(* $N\otimes-$ is a functor on $\mathsf{SquaMS}$: for every square metric space $X$, the quotient distance on $N\otimes X$ is a metric, $(N\otimes X,S_{N\otimes X})$ is a square metric space, and for every morphism $f$ of $\mathsf{SquaMS}$, $N\otimes f$ is a morphism of $\mathsf{SquaMS}$, with identities and composition preserved.
   Context: Let $M_0=\{(r,s)\in[0,1]^2: r\in\{0,1\}\text{ or } s\in\{0,1\}\}$. A square metric space is a pair $(X,S_X)$ with $X$ a metric space with all distances at most $2$ and $S_X\colon M_0\to X$ injective such that (sq1) for $i\in\{0,1\}$, $r,s\in[0,1]$: $d_X(S_X(i,r),S_X(i,s))=|s-r|$ and $d_X(S_X(r,i),S_X(s,i))=|s-r|$; (sq2) $d_X(S_X(r,s),S_X(t,u))\ge|r-t|+|s-u|$. $\mathsf{SquaMS}$: these objects, with short maps $f$ satisfying $f\circ S_X=S_Y$ as morphisms. Let $N=\{0,1,2\}^2$, also viewed as points of $\mathbb{R}^2$. For $X$ in $\mathsf{SquaMS}$, $N\otimes X=(N\times X)/\!\sim$, where $\sim$ is the equivalence relation generated by $(m,S_X(p))\sim(n,S_X(q))$ whenever $m,n\in N$ differ by exactly $1$ in exactly one coordinate and $(m+p)/3=(n+q)/3$ in $\mathbb{R}^2$; $n\otimes x$ is the class of $(n,x)$. On $N\times X$ put $d((a,u),(b,v))=\frac13 d_X(u,v)$ if $a=b$ and $2$ otherwise; the quotient distance is the infimum over finite sequences from $(m,x)$ to $(n,y)$ in $N\times X$ of the sum over consecutive pairs of $0$ if $\sim$-related and the distance otherwise. $S_{N\otimes X}(p)=n\otimes S_X(3p-n)$ for any $n\in N$ with $p\in(n+[0,1]^2)/3$, and $(N\otimes f)(n\otimes x)=n\otimes f(x)$. *)

theory Defs
  imports "HOL-Analysis.Analysis"
begin

definition M0 :: "(real \<times> real) set" where
  "M0 = {(r, s). r \<in> {0..1} \<and> s \<in> {0..1} \<and> (r \<in> {0, 1} \<or> s \<in> {0, 1})}"

definition square_ms :: "'a set \<Rightarrow> ('a \<Rightarrow> 'a \<Rightarrow> real) \<Rightarrow> (real \<times> real \<Rightarrow> 'a) \<Rightarrow> bool" where
  "square_ms X d S \<longleftrightarrow>
     Metric_space X d \<and> (\<forall>x\<in>X. \<forall>y\<in>X. d x y \<le> 2) \<and>
     S ` M0 \<subseteq> X \<and> inj_on S M0 \<and>
     (\<forall>i\<in>{0, 1}. \<forall>r\<in>{0..1}. \<forall>s\<in>{0..1}.
        d (S (i, r)) (S (i, s)) = \<bar>s - r\<bar> \<and> d (S (r, i)) (S (s, i)) = \<bar>s - r\<bar>) \<and>
     (\<forall>p\<in>M0. \<forall>q\<in>M0. d (S p) (S q) \<ge> \<bar>fst p - fst q\<bar> + \<bar>snd p - snd q\<bar>)"

definition sqms_mor ::
  "'a set \<Rightarrow> ('a \<Rightarrow> 'a \<Rightarrow> real) \<Rightarrow> (real \<times> real \<Rightarrow> 'a) \<Rightarrow>
   'b set \<Rightarrow> ('b \<Rightarrow> 'b \<Rightarrow> real) \<Rightarrow> (real \<times> real \<Rightarrow> 'b) \<Rightarrow> ('a \<Rightarrow> 'b) \<Rightarrow> bool" where
  "sqms_mor X d S Y e T f \<longleftrightarrow>
     f ` X \<subseteq> Y \<and> (\<forall>x\<in>X. \<forall>y\<in>X. e (f x) (f y) \<le> d x y) \<and> (\<forall>p\<in>M0. f (S p) = T p)"

definition NN :: "(int \<times> int) set" where
  "NN = {0, 1, 2} \<times> {0, 1, 2}"

definition adj :: "int \<times> int \<Rightarrow> int \<times> int \<Rightarrow> bool" where
  "adj m n \<longleftrightarrow> (fst m = fst n \<and> \<bar>snd m - snd n\<bar> = 1) \<or> (snd m = snd n \<and> \<bar>fst m - fst n\<bar> = 1)"

definition tgen :: "(real \<times> real \<Rightarrow> 'a) \<Rightarrow> ((int \<times> int) \<times> 'a) rel" where
  "tgen S = {((m, S p), (n, S q)) | m n p q.
      m \<in> NN \<and> n \<in> NN \<and> adj m n \<and> p \<in> M0 \<and> q \<in> M0 \<and>
      real_of_int (fst m) + fst p = real_of_int (fst n) + fst q \<and>
      real_of_int (snd m) + snd p = real_of_int (snd n) + snd q}"

definition teq :: "'a set \<Rightarrow> (real \<times> real \<Rightarrow> 'a) \<Rightarrow> ((int \<times> int) \<times> 'a) rel" where
  "teq X S = {(u, v). u \<in> NN \<times> X \<and> v \<in> NN \<times> X \<and> (u, v) \<in> (tgen S \<union> (tgen S)\<inverse>)\<^sup>*}"

text \<open>Carrier of N \<otimes> X and the class n \<otimes> x.\<close>
definition tensor :: "'a set \<Rightarrow> (real \<times> real \<Rightarrow> 'a) \<Rightarrow> ((int \<times> int) \<times> 'a) set set" where
  "tensor X S = (NN \<times> X) // teq X S"

definition tclass :: "'a set \<Rightarrow> (real \<times> real \<Rightarrow> 'a) \<Rightarrow> (int \<times> int) \<times> 'a \<Rightarrow> ((int \<times> int) \<times> 'a) set" where
  "tclass X S a = teq X S `` {a}"

definition tstep :: "'a set \<Rightarrow> ('a \<Rightarrow> 'a \<Rightarrow> real) \<Rightarrow> (real \<times> real \<Rightarrow> 'a) \<Rightarrow>
    (int \<times> int) \<times> 'a \<Rightarrow> (int \<times> int) \<times> 'a \<Rightarrow> real" where
  "tstep X d S u v =
     (if (u, v) \<in> teq X S then 0 else if fst u = fst v then d (snd u) (snd v) / 3 else 2)"

definition tcost :: "'a set \<Rightarrow> ('a \<Rightarrow> 'a \<Rightarrow> real) \<Rightarrow> (real \<times> real \<Rightarrow> 'a) \<Rightarrow>
    ((int \<times> int) \<times> 'a) list \<Rightarrow> real" where
  "tcost X d S zs = (\<Sum>i < length zs - 1. tstep X d S (zs ! i) (zs ! Suc i))"

definition qd :: "'a set \<Rightarrow> ('a \<Rightarrow> 'a \<Rightarrow> real) \<Rightarrow> (real \<times> real \<Rightarrow> 'a) \<Rightarrow>
    (int \<times> int) \<times> 'a \<Rightarrow> (int \<times> int) \<times> 'a \<Rightarrow> real" where
  "qd X d S a b = Inf {tcost X d S zs | zs. zs \<noteq> [] \<and> hd zs = a \<and> last zs = b \<and> set zs \<subseteq> NN \<times> X}"

text \<open>Induced distance on classes (set to 0 outside the carrier, a HOL totality convention).\<close>
definition tensor_dist :: "'a set \<Rightarrow> ('a \<Rightarrow> 'a \<Rightarrow> real) \<Rightarrow> (real \<times> real \<Rightarrow> 'a) \<Rightarrow>
    ((int \<times> int) \<times> 'a) set \<Rightarrow> ((int \<times> int) \<times> 'a) set \<Rightarrow> real" where
  "tensor_dist X d S A B =
     (if A \<in> tensor X S \<and> B \<in> tensor X S
      then Inf {qd X d S a b | a b. a \<in> A \<and> b \<in> B} else 0)"

definition tensor_S :: "'a set \<Rightarrow> (real \<times> real \<Rightarrow> 'a) \<Rightarrow> real \<times> real \<Rightarrow> ((int \<times> int) \<times> 'a) set" where
  "tensor_S X S p =
     (let n = (SOME n. n \<in> NN \<and>
                 3 * fst p - real_of_int (fst n) \<in> {0..1} \<and>
                 3 * snd p - real_of_int (snd n) \<in> {0..1})
      in tclass X S (n, S (3 * fst p - real_of_int (fst n), 3 * snd p - real_of_int (snd n))))"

————

* What you will do *
Copy out, from the listing above, every line that contains the word "open".

* Solved exercise *
text \<open>Carrier of N \<otimes> X and the class n \<otimes> x.\<close>
text \<open>Induced distance on classes (set to 0 outside the carrier, a HOL totality convention).\<close>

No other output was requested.